The first-stage bootblocks (bootxx) of both the i386 and sparc architecture are now self-installing shell scripts that take an extent list (block spans) on standard input. This now allows to create, for example, bootable ISO9660 images for MirBSD/i386 and MirBSD/sparc (or even both at the same time) on a MirBSD/i386 (or even GNU/Linux/i386) box. This is another milestone in the progress of making sparc a full-blown, supported, architecture.

The HTML manual pages have now been split into a machine-independent and a machine-dependent part (or rather, two of them) as well. This allows a much faster release generation on sparc. Furthermore, related manual pages, such as uuencode(1), uudecode(1), b64encode(1) and b64decode(1), now list all of their aliases in the title and are hard linked to save space and generation time (and hopefully search engine traffic, who knows).

mksh R31d released

14.10.2007

mksh R31d has been released; read the ChangeLog for details. Basically, another busy loop spinning bug was fixed and everyone should upgrade. This release features PCC support.

mksh R31b has been released; read the ChangeLog for details. This quick follow-up release is because it fixes several important bugs etc.

OSF/1 support thanks to the IceWM coffee pot maintainer, Josef “Jupp” Schugt.

Update: On 09/11, mksh R31c was released, thanks to Josef “Jupp” Söntgen (aka cnuke@)’s very late bug report, which was done IRL instead of via IRC or eMail, which are the usual channels. This release fixes arc4random.c on SunOS due to them bad OpenBSD guys using non-standard types in an API.
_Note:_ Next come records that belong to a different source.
(* Let $G=(V,E,w_G)$ be any weighted undirected graph, let $\varepsilon\in(0,1)$, let $H=(V,E_H,w_H)$ be a $(1\pm\varepsilon)$-cut sparsifier of $G$, let $\beta\in(0,1)$ and let $\mathcal T$ be any $\beta$-balanced HC-tree on the vertex set $V$. Then $$(1-\varepsilon)\cdot\beta\cdot C_G(\mathcal T)\;\le\; C_H(\mathcal T)\;\le\;(1+\varepsilon)\cdot\frac{1}{\beta}\cdot C_G(\mathcal T).$$
   Context: Let $G=(V,E,w)$ be an undirected graph with nonnegative edge weights $w$. A hierarchical clustering tree (HC-tree) of $G$ is a rooted tree $\mathcal T$ whose leaves are in bijection with $V$. For a node $z$, $\mathcal T[z]$ is the subtree rooted at $z$ and $\mathrm{leaves}(\mathcal T[z])\subseteq V$ its set of leaves. For $u,v\in V$, $u\vee v$ denotes their lowest common ancestor in $\mathcal T$. The cost of $\mathcal T$ on $G$ is $C_G(\mathcal T)=\sum_{(u,v)\in E} w(u,v)\,|\mathrm{leaves}(\mathcal T[u\vee v])|$. For disjoint $A,B\subseteq V$, $w(A,B)$ denotes the total weight of edges with one endpoint in $A$ and the other in $B$, and $\bar A=V\setminus A$. If $\mathcal T$ is binary and $z$ is an internal node with children $z_1,z_2$, where $|\mathrm{leaves}(\mathcal T[z_1])|\le|\mathrm{leaves}(\mathcal T[z_2])|$, then $\mathrm{cut}(\mathcal T[z]):=(A,B)$ with $A=\mathrm{leaves}(\mathcal T[z_1])$, $B=\mathrm{leaves}(\mathcal T[z_2])$. For $0<\beta<1$, a pair of disjoint sets $(A,B)$ is $\beta$-balanced if $\max\{|A|,|B|\}\le(1-\beta)|A\cup B|$; a binary HC-tree is $\beta$-balanced if $\mathrm{cut}(\mathcal T[z])$ is $\beta$-balanced for every internal node $z$. A weighted graph $H=(V,E_H,w_H)$ with $E_H\subseteq E$ is a $(1\pm\varepsilon)$-cut sparsifier of $G=(V,E,w_G)$ if for every nonempty $A\subsetneq V$: $(1-\varepsilon)w_G(A,\bar A)\le w_H(A,\bar A)\le(1+\varepsilon)w_G(A,\bar A)$. *)

theory Defs
  imports Complex_Main
begin

definition wgraph :: "'a set \<Rightarrow> 'a set set \<Rightarrow> ('a set \<Rightarrow> real) \<Rightarrow> bool" where
  "wgraph V E w \<longleftrightarrow> finite V \<and>
     (\<forall>e\<in>E. \<exists>u v. e = {u, v} \<and> u \<noteq> v \<and> u \<in> V \<and> v \<in> V) \<and>
     (\<forall>e\<in>E. w e \<ge> 0)"

definition cut_weight :: "'a set set \<Rightarrow> ('a set \<Rightarrow> real) \<Rightarrow> 'a set \<Rightarrow> 'a set \<Rightarrow> real" where
  "cut_weight E w A B = (\<Sum>e\<in>{e\<in>E. \<exists>u v. e = {u, v} \<and> u \<in> A \<and> v \<in> B}. w e)"

definition cut_sparsifier ::
  "real \<Rightarrow> 'a set \<Rightarrow> 'a set set \<Rightarrow> ('a set \<Rightarrow> real) \<Rightarrow> 'a set set \<Rightarrow> ('a set \<Rightarrow> real) \<Rightarrow> bool" where
  "cut_sparsifier eps V E wG EH wH \<longleftrightarrow> wgraph V EH wH \<and> EH \<subseteq> E \<and>
     (\<forall>A. A \<noteq> {} \<and> A \<subset> V \<longrightarrow>
        (1 - eps) * cut_weight E wG A (V - A) \<le> cut_weight EH wH A (V - A) \<and>
        cut_weight EH wH A (V - A) \<le> (1 + eps) * cut_weight E wG A (V - A))"

datatype 'a hctree = Leaf 'a | Node "'a hctree" "'a hctree"

fun leaf_list :: "'a hctree \<Rightarrow> 'a list" where
  "leaf_list (Leaf x) = [x]"
| "leaf_list (Node l r) = leaf_list l @ leaf_list r"

definition leaves :: "'a hctree \<Rightarrow> 'a set" where
  "leaves T = set (leaf_list T)"

definition hc_tree :: "'a set \<Rightarrow> 'a hctree \<Rightarrow> bool" where
  "hc_tree V T \<longleftrightarrow> distinct (leaf_list T) \<and> leaves T = V"

fun lca_tree :: "'a hctree \<Rightarrow> 'a set \<Rightarrow> 'a hctree" where
  "lca_tree (Leaf x) S = Leaf x"
| "lca_tree (Node l r) S =
     (if S \<subseteq> leaves l then lca_tree l S
      else if S \<subseteq> leaves r then lca_tree r S
      else Node l r)"

definition lca :: "'a hctree \<Rightarrow> 'a \<Rightarrow> 'a \<Rightarrow> 'a hctree" where
  "lca T u v = lca_tree T {u, v}"

definition hc_cost :: "'a set set \<Rightarrow> ('a set \<Rightarrow> real) \<Rightarrow> 'a hctree \<Rightarrow> real" where
  "hc_cost E w T = (\<Sum>e\<in>E. w e * real (card (leaves (lca_tree T e))))"

fun internal_subtrees :: "'a hctree \<Rightarrow> 'a hctree set" where
  "internal_subtrees (Leaf x) = {}"
| "internal_subtrees (Node l r) = insert (Node l r) (internal_subtrees l \<union> internal_subtrees r)"

fun cut :: "'a hctree \<Rightarrow> 'a set \<times> 'a set" where
  "cut (Leaf x) = ({}, {x})"
| "cut (Node l r) = (if card (leaves l) \<le> card (leaves r) then (leaves l, leaves r)
                     else (leaves r, leaves l))"

definition balanced_pair :: "real \<Rightarrow> 'a set \<times> 'a set \<Rightarrow> bool" where
  "balanced_pair \<beta> AB \<longleftrightarrow> (case AB of (A, B) \<Rightarrow>
     real (max (card A) (card B)) \<le> (1 - \<beta>) * real (card (A \<union> B)))"

definition balanced_tree :: "real \<Rightarrow> 'a hctree \<Rightarrow> bool" where
  "balanced_tree \<beta> T \<longleftrightarrow> (\<forall>z\<in>internal_subtrees T. balanced_pair \<beta> (cut z))"

end

theory Submission
  imports Defs
begin

text \<open>Twice the cost of an HC-tree is a nonnegative linear combination of the cut weights
  \<open>w(S, V - S)\<close> over the leaf sets \<open>S\<close> of proper subtrees: give \<open>S\<close> the coefficient
  \<open>|sibling S| + [S is a leaf]\<close>. For a single edge \<open>{u, v}\<close> the subtrees it crosses are those on
  the two paths from \<open>u\<close> and \<open>v\<close> up to (excluding) their lowest common ancestor \<open>z\<close>, and along
  each path the coefficients telescope to the size of the child of \<open>z\<close> at its top, so the
  total is \<open>2 |leaves z|\<close>. A \<open>(1 \<plusminus> \<epsilon>)\<close> cut sparsifier therefore changes the cost by a factor
  in \<open>[1 - \<epsilon>, 1 + \<epsilon>]\<close> for every HC-tree.\<close>

lemma leaves_Leaf [simp]: "leaves (Leaf x) = {x}"
  by (simp add: leaves_def)

lemma leaves_Node [simp]: "leaves (Node l r) = leaves l \<union> leaves r"
  by (simp add: leaves_def)

lemma leaves_nonempty: "leaves t \<noteq> {}"
  by (induction t) auto

lemma finite_leaves [simp]: "finite (leaves t)"
  by (simp add: leaves_def)

lemma distinct_leaf_list_NodeD:
  assumes "distinct (leaf_list (Node l r))"
  shows "distinct (leaf_list l)" "distinct (leaf_list r)" "leaves l \<inter> leaves r = {}"
  using assms by (simp_all add: leaves_def)

lemma card_leaves_Node:
  assumes "distinct (leaf_list (Node l r))"
  shows "card (leaves (Node l r)) = card (leaves l) + card (leaves r)"
  using card_Un_disjoint[OF finite_leaves finite_leaves distinct_leaf_list_NodeD(3)[OF assms]]
  by simp

fun is_leaf :: "'a hctree \<Rightarrow> bool" where
  "is_leaf (Leaf x) = True"
| "is_leaf (Node l r) = False"

fun subtree_sum :: "('a set \<Rightarrow> real) \<Rightarrow> 'a hctree \<Rightarrow> real" where
  "subtree_sum f (Leaf x) = 0"
| "subtree_sum f (Node l r) =
     (real (card (leaves r)) + of_bool (is_leaf l)) * f (leaves l)
   + (real (card (leaves l)) + of_bool (is_leaf r)) * f (leaves r)
   + subtree_sum f l + subtree_sum f r"

lemma subtree_sum_linear:
  "subtree_sum (\<lambda>A. \<Sum>e\<in>E. c e * g e A) t = (\<Sum>e\<in>E. c e * subtree_sum (g e) t)"
  by (induction t) (simp_all add: sum.distrib sum_distrib_left algebra_simps)

lemma subtree_sum_cmult: "subtree_sum (\<lambda>A. c * f A) t = c * subtree_sum f t"
  by (induction t) (simp_all add: algebra_simps)

lemma subtree_sum_mono:
  assumes "distinct (leaf_list t)"
    and "\<And>A. A \<noteq> {} \<Longrightarrow> A \<subset> leaves t \<Longrightarrow> f A \<le> g A"
  shows "subtree_sum f t \<le> subtree_sum g t"
  using assms
proof (induction t)
  case (Leaf x)
  then show ?case by simp
next
  case (Node l r)
  note disj = distinct_leaf_list_NodeD[OF Node.prems(1)]
  have sub: "leaves l \<subset> leaves (Node l r)" "leaves r \<subset> leaves (Node l r)"
    using disj(3) leaves_nonempty[of l] leaves_nonempty[of r] by auto
  have "f (leaves l) \<le> g (leaves l)" "f (leaves r) \<le> g (leaves r)"
    using Node.prems(2)[OF leaves_nonempty sub(1)] Node.prems(2)[OF leaves_nonempty sub(2)] .
  moreover have "subtree_sum f l \<le> subtree_sum g l"
    using disj(1) by (rule Node.IH(1)) (use Node.prems(2) sub(1) in \<open>meson psubset_trans\<close>)
  moreover have "subtree_sum f r \<le> subtree_sum g r"
    using disj(2) by (rule Node.IH(2)) (use Node.prems(2) sub(2) in \<open>meson psubset_trans\<close>)
  ultimately show ?case
    by (simp add: add_mono mult_left_mono)
qed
Update 2: Everyone should upgrade to mksh R31b or later, due to the bug fixes and their relevance.

mksh R31 released

07.09.2007

mksh R31 has been released; read the ChangeLog for details.

This release is dedicated to Bob “maradong” Hentges, Symlink Lëtzebuerg.

XTaran no SPARCstation XTaran of symlink.ch fame has finally helped us to test the latest, greatest and ultimately vt100, grey-on-blue / grey-on-black snapshot – as you can see, it boots up quite nicely. First, the text is still all black on white, but as soon as the framebuffer is initialised, that is switched to lightgrey on black, and further kernel messages are in our well-known, famous lightgrey on blue colour composition.
WARNING: The linked image is more than 1 MiB in size.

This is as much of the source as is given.